=== Activity ===
Only one stretch of the data is wanted: the line containing "then obtain P1", the line containing "arr by auto", and every line between them, copied exactly.

=== Records shown ===

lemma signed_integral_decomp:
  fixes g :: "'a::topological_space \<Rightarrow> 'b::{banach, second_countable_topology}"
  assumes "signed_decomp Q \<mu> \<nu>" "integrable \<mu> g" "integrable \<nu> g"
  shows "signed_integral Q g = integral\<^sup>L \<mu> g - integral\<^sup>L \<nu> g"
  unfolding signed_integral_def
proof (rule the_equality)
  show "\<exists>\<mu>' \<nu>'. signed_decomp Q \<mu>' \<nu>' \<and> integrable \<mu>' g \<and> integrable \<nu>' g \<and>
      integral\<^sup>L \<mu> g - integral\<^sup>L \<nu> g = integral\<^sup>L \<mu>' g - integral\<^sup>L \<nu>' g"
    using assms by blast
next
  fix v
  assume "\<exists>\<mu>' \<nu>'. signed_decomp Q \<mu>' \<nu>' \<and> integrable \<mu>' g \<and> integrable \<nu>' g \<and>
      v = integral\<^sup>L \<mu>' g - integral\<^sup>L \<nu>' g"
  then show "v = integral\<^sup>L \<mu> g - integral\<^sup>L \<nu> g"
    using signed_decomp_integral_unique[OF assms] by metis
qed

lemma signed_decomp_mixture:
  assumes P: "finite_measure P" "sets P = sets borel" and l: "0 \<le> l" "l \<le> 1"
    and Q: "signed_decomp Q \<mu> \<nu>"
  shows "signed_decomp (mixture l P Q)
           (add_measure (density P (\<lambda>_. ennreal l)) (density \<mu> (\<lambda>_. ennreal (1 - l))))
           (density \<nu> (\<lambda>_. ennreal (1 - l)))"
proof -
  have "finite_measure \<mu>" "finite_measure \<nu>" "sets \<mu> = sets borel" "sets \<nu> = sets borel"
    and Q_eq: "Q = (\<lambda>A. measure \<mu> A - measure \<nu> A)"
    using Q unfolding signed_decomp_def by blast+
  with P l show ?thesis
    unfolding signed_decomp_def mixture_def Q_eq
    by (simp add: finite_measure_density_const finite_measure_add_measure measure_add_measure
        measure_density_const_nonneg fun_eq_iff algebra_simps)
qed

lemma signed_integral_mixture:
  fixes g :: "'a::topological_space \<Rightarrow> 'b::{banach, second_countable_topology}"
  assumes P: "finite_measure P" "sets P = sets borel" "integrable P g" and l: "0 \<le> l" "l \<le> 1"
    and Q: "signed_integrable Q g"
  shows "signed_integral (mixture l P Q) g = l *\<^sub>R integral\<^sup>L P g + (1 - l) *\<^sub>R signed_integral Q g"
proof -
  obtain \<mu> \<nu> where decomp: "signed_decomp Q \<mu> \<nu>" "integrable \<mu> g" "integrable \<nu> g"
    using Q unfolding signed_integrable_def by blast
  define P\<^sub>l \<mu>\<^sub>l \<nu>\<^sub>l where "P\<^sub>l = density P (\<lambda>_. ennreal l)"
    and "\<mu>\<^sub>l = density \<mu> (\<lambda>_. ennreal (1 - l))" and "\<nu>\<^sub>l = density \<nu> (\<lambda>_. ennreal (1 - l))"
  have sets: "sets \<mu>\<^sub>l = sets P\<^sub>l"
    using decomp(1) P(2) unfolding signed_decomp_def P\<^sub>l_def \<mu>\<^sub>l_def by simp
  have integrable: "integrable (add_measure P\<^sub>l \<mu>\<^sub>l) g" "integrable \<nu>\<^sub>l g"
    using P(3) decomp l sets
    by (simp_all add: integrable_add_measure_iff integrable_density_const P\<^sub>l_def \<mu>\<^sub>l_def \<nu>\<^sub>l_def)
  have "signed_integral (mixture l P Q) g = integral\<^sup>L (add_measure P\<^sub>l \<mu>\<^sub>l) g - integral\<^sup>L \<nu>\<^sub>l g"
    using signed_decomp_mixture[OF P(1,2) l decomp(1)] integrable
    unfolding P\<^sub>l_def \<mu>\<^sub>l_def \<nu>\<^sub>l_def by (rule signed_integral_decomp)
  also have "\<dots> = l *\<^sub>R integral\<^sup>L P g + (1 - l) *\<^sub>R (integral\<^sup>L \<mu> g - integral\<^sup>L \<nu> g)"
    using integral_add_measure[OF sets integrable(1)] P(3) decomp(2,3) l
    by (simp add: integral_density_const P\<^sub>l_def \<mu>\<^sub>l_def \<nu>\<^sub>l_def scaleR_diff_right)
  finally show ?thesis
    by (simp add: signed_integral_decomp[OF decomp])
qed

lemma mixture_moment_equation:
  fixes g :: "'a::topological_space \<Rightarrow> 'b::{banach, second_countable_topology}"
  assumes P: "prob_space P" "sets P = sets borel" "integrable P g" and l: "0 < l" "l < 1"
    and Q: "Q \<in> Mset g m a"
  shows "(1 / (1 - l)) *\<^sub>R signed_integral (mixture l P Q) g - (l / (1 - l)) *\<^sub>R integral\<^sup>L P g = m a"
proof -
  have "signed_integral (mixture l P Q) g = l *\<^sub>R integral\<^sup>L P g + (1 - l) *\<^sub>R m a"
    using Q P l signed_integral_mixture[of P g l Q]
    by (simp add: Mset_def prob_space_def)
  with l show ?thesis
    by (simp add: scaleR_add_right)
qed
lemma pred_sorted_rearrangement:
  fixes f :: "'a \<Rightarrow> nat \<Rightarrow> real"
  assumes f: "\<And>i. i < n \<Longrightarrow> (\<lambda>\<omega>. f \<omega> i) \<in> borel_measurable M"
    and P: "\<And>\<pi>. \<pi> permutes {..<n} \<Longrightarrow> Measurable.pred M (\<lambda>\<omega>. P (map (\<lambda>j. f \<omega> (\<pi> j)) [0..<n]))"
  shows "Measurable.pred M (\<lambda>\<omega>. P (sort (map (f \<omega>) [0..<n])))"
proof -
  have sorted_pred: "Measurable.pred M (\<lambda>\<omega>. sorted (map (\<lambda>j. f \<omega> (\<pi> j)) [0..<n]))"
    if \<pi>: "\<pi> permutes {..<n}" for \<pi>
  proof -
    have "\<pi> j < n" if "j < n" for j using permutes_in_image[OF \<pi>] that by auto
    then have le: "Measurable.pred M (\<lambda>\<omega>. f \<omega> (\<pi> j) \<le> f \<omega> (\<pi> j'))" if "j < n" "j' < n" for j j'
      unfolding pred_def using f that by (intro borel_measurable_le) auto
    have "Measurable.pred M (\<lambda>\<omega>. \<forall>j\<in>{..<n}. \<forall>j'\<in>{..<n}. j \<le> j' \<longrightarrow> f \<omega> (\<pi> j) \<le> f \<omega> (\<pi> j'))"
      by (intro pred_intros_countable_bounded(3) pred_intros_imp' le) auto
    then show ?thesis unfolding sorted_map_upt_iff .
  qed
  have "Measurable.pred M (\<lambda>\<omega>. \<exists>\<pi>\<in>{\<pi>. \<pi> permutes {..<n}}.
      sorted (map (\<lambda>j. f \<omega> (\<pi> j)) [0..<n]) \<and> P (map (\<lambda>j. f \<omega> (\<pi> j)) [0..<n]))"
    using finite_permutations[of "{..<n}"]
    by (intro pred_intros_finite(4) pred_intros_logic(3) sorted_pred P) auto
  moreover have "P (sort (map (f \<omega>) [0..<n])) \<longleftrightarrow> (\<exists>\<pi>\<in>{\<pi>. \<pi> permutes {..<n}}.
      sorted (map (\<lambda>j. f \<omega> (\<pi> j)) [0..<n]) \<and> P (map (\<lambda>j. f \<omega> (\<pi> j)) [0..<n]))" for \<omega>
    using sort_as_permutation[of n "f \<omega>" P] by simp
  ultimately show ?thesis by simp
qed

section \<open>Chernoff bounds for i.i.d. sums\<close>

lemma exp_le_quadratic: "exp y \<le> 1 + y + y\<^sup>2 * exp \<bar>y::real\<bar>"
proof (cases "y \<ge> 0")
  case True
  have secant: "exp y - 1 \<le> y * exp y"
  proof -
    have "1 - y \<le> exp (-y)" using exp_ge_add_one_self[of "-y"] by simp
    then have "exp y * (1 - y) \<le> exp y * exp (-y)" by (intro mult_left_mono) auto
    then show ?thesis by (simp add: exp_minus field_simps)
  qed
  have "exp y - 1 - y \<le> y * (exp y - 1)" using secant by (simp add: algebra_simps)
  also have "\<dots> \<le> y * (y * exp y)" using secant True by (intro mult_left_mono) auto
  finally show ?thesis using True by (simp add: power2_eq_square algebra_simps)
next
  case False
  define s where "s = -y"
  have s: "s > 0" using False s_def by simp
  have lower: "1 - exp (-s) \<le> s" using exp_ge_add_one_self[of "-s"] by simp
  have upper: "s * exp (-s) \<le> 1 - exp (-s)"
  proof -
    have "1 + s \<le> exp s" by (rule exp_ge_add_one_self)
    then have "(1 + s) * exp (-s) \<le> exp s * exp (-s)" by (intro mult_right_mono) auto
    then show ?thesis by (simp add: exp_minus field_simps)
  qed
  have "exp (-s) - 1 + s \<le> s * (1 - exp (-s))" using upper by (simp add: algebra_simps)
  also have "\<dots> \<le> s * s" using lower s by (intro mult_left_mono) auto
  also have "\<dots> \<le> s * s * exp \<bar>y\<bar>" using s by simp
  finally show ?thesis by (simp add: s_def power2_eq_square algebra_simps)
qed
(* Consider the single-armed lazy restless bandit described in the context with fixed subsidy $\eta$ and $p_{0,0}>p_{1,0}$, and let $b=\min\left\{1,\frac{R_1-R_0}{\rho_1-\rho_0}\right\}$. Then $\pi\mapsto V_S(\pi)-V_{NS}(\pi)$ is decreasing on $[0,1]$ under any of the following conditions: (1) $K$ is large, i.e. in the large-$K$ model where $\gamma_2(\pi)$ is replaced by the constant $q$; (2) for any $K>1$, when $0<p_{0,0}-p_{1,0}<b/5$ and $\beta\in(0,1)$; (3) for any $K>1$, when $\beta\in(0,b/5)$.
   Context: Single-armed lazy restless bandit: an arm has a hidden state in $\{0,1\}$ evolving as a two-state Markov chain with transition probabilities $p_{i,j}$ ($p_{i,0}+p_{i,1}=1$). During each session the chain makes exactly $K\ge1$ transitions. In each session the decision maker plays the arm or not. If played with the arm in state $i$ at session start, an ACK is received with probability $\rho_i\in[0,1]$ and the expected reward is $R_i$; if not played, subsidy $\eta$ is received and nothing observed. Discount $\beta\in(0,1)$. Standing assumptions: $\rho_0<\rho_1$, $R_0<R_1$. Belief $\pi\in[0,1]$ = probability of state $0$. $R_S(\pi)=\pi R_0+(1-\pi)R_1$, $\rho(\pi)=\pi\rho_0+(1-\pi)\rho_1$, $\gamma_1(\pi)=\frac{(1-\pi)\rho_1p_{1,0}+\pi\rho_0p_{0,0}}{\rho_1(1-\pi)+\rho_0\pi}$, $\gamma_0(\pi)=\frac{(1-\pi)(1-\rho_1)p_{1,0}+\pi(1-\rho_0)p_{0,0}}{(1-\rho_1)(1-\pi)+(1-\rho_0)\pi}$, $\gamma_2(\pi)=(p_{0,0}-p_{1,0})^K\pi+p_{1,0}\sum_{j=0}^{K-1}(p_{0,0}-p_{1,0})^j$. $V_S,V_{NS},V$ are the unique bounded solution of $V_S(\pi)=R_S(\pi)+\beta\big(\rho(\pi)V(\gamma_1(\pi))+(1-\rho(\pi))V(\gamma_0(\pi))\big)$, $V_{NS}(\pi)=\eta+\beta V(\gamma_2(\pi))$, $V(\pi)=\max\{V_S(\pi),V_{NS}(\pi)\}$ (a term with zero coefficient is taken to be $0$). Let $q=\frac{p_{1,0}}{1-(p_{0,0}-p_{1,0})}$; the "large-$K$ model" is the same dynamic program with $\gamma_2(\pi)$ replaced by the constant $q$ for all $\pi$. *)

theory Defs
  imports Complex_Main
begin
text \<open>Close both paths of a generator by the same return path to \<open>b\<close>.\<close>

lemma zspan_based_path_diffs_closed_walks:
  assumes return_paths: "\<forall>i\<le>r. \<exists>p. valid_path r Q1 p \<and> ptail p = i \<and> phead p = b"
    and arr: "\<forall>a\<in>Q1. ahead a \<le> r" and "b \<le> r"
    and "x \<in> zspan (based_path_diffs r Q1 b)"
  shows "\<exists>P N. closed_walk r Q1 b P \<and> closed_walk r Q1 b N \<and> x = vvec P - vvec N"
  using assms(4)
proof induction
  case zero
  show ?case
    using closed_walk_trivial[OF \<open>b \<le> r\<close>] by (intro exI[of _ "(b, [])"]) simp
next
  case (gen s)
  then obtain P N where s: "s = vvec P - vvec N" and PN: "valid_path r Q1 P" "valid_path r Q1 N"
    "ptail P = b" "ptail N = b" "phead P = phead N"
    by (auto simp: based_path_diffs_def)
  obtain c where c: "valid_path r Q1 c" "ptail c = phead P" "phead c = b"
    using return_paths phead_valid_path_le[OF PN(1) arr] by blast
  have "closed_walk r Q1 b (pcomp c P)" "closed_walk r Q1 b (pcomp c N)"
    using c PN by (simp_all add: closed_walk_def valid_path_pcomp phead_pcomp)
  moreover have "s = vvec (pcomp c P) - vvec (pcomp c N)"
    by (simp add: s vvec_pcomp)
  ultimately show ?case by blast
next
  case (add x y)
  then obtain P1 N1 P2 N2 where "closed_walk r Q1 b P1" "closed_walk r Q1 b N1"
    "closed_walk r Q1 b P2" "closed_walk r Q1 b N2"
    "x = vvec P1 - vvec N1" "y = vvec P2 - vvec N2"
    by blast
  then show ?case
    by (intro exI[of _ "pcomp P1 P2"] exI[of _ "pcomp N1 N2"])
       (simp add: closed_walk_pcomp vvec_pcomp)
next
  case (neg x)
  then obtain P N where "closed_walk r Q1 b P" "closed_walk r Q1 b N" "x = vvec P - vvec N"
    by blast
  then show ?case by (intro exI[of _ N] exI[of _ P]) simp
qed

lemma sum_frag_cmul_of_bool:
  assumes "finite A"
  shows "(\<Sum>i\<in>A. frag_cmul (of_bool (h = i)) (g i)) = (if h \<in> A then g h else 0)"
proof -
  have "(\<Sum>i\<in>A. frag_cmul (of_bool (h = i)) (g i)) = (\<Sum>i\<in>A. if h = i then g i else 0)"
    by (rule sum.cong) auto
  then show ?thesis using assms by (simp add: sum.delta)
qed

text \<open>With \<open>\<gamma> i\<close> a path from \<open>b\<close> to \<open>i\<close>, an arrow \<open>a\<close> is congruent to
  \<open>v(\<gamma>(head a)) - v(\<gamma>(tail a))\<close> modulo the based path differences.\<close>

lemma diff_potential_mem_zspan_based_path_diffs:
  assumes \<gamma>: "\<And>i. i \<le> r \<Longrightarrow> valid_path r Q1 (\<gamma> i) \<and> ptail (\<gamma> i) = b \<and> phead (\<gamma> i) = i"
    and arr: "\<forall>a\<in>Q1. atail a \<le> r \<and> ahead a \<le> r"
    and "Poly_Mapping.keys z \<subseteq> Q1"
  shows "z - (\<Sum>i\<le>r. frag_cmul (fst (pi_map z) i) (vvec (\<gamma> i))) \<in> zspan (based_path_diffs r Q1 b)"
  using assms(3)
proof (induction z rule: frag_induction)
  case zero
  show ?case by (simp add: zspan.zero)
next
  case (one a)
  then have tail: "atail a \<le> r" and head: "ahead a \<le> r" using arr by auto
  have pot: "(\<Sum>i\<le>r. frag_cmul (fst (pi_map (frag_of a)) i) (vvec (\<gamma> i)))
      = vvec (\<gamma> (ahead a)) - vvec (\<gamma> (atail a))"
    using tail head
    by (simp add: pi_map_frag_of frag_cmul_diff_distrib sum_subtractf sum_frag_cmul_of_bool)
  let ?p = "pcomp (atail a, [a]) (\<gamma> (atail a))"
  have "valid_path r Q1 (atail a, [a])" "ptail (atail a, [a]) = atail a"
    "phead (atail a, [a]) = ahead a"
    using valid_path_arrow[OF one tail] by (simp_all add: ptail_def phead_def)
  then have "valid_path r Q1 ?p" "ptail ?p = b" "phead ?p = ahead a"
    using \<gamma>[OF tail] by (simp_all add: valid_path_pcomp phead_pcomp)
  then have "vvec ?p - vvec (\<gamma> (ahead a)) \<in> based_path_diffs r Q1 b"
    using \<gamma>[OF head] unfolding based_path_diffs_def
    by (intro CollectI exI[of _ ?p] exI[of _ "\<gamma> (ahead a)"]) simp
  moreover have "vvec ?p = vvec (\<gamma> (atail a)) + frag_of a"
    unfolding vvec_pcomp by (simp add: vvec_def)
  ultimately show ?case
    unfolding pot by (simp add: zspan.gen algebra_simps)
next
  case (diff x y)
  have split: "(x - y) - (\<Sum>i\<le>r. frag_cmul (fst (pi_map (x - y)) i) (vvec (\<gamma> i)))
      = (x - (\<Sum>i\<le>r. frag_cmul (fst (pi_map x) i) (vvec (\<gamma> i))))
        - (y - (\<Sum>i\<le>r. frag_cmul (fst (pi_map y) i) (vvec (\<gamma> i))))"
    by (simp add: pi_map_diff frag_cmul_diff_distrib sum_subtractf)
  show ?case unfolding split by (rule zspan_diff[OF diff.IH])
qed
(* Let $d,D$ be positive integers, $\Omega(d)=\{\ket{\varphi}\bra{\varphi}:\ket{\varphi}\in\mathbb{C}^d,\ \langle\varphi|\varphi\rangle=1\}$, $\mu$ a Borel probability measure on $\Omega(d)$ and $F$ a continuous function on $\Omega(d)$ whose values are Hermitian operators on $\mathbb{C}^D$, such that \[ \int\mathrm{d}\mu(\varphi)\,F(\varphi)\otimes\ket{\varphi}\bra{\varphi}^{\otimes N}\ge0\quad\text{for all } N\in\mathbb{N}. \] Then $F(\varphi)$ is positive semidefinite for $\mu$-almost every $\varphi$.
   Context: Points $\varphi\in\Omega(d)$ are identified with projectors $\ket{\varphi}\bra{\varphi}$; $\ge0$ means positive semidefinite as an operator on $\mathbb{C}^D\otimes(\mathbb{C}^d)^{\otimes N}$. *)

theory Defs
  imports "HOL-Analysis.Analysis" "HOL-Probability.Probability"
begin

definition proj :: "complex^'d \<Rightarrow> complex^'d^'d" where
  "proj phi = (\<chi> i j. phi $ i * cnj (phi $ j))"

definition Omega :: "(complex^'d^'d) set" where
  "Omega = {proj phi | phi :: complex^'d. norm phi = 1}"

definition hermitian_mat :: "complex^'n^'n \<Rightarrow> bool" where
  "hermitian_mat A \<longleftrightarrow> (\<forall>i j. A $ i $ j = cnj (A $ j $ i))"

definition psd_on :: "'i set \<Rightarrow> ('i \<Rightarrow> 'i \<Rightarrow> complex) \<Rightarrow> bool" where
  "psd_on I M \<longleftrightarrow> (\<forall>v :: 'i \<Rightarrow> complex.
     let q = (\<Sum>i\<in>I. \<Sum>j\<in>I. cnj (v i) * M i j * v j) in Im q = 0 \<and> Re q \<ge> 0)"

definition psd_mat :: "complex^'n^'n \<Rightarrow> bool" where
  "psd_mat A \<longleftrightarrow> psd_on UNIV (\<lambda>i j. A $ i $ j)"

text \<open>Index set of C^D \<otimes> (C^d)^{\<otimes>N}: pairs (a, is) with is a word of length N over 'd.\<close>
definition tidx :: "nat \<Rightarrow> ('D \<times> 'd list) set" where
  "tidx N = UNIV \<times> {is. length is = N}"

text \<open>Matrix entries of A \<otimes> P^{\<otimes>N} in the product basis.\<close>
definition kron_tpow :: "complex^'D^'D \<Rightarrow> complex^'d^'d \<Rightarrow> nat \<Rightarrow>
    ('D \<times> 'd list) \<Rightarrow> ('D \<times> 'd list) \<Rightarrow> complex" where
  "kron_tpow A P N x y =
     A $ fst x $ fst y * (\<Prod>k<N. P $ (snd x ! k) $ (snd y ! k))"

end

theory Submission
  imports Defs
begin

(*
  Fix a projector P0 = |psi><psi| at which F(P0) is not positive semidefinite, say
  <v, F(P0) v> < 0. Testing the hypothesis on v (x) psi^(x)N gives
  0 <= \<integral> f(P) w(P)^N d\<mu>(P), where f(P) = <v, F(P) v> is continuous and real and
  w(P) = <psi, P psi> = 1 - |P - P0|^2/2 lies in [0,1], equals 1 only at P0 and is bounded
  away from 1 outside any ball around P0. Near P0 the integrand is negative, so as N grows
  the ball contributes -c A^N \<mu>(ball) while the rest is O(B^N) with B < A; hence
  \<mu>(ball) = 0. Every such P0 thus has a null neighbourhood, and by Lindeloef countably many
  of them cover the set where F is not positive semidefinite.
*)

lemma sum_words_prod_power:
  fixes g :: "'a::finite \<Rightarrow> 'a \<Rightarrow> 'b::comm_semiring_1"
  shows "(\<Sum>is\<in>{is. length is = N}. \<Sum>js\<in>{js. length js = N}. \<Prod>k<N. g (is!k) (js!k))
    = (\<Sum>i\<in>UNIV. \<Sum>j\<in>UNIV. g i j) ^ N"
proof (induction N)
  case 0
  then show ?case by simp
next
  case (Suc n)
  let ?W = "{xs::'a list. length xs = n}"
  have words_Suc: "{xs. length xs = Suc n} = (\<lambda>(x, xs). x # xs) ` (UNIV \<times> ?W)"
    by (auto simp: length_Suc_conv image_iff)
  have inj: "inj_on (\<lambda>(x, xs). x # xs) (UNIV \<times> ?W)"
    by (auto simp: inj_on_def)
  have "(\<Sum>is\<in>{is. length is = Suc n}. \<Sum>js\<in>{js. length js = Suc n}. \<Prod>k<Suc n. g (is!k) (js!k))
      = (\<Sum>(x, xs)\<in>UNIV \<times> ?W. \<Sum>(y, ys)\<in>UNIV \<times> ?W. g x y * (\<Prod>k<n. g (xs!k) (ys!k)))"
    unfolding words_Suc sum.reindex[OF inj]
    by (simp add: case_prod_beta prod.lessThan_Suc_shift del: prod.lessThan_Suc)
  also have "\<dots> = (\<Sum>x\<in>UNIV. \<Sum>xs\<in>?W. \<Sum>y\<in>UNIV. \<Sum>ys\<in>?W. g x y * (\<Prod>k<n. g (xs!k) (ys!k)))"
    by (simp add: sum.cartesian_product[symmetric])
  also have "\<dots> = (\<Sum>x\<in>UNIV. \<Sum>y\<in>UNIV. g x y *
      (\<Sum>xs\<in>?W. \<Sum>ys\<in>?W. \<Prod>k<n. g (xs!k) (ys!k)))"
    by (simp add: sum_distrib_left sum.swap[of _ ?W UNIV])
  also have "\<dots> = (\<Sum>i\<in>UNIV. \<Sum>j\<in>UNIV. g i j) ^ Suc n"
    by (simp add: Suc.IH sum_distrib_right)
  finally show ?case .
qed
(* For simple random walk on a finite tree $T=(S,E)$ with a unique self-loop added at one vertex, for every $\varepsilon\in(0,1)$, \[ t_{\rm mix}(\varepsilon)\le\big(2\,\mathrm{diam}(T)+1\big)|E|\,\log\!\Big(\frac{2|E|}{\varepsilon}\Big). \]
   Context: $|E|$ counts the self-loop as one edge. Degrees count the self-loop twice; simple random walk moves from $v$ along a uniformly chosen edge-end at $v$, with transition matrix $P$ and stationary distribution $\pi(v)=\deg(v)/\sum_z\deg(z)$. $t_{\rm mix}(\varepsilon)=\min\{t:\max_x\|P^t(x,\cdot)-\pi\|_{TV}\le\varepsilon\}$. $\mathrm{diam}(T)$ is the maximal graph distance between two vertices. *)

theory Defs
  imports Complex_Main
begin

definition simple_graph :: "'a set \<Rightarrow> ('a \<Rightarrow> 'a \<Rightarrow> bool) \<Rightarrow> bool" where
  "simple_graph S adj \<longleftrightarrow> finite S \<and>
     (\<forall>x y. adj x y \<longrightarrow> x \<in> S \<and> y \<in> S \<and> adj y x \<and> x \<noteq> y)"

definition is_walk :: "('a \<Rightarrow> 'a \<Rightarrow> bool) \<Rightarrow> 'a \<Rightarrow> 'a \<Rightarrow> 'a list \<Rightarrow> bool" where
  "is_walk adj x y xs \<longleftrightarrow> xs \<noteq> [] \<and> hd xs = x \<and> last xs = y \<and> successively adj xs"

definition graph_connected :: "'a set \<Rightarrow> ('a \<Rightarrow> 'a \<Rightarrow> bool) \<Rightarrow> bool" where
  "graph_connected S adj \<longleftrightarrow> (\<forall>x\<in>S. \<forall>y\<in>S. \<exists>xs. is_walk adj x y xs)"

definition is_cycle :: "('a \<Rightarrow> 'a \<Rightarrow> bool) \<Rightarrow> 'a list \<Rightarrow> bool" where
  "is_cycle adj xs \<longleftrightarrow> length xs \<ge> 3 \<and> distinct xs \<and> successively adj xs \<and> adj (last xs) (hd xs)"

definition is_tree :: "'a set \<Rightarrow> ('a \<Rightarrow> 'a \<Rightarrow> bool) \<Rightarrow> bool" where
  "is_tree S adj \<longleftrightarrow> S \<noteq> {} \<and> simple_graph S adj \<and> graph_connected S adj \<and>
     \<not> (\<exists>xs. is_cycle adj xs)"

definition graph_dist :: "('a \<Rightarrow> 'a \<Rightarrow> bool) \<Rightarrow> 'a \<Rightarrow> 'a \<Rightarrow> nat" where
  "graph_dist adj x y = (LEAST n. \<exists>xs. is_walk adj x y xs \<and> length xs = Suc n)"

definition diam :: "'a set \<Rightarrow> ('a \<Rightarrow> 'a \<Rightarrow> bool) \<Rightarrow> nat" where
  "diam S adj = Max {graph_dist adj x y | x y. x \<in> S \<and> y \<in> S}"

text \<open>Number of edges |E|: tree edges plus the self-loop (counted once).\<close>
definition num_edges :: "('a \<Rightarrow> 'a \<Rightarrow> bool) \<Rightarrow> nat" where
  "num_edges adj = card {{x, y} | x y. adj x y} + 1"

=== Task response ===
  then obtain P1 N1 P2 N2 where "closed_walk r Q1 b P1" "closed_walk r Q1 b N1"
    "closed_walk r Q1 b P2" "closed_walk r Q1 b N2"
    "x = vvec P1 - vvec N1" "y = vvec P2 - vvec N2"
    by blast
  then show ?case
    by (intro exI[of _ "pcomp P1 P2"] exI[of _ "pcomp N1 N2"])
       (simp add: closed_walk_pcomp vvec_pcomp)
next
  case (neg x)
  then obtain P N where "closed_walk r Q1 b P" "closed_walk r Q1 b N" "x = vvec P - vvec N"
    by blast
  then show ?case by (intro exI[of _ N] exI[of _ P]) simp
qed

lemma sum_frag_cmul_of_bool:
  assumes "finite A"
  shows "(\<Sum>i\<in>A. frag_cmul (of_bool (h = i)) (g i)) = (if h \<in> A then g h else 0)"
proof -
  have "(\<Sum>i\<in>A. frag_cmul (of_bool (h = i)) (g i)) = (\<Sum>i\<in>A. if h = i then g i else 0)"
    by (rule sum.cong) auto
  then show ?thesis using assms by (simp add: sum.delta)
qed

text \<open>With \<open>\<gamma> i\<close> a path from \<open>b\<close> to \<open>i\<close>, an arrow \<open>a\<close> is congruent to
  \<open>v(\<gamma>(head a)) - v(\<gamma>(tail a))\<close> modulo the based path differences.\<close>

lemma diff_potential_mem_zspan_based_path_diffs:
  assumes \<gamma>: "\<And>i. i \<le> r \<Longrightarrow> valid_path r Q1 (\<gamma> i) \<and> ptail (\<gamma> i) = b \<and> phead (\<gamma> i) = i"
    and arr: "\<forall>a\<in>Q1. atail a \<le> r \<and> ahead a \<le> r"
    and "Poly_Mapping.keys z \<subseteq> Q1"
  shows "z - (\<Sum>i\<le>r. frag_cmul (fst (pi_map z) i) (vvec (\<gamma> i))) \<in> zspan (based_path_diffs r Q1 b)"
  using assms(3)
proof (induction z rule: frag_induction)
  case zero
  show ?case by (simp add: zspan.zero)
next
  case (one a)
  then have tail: "atail a \<le> r" and head: "ahead a \<le> r" using arr by auto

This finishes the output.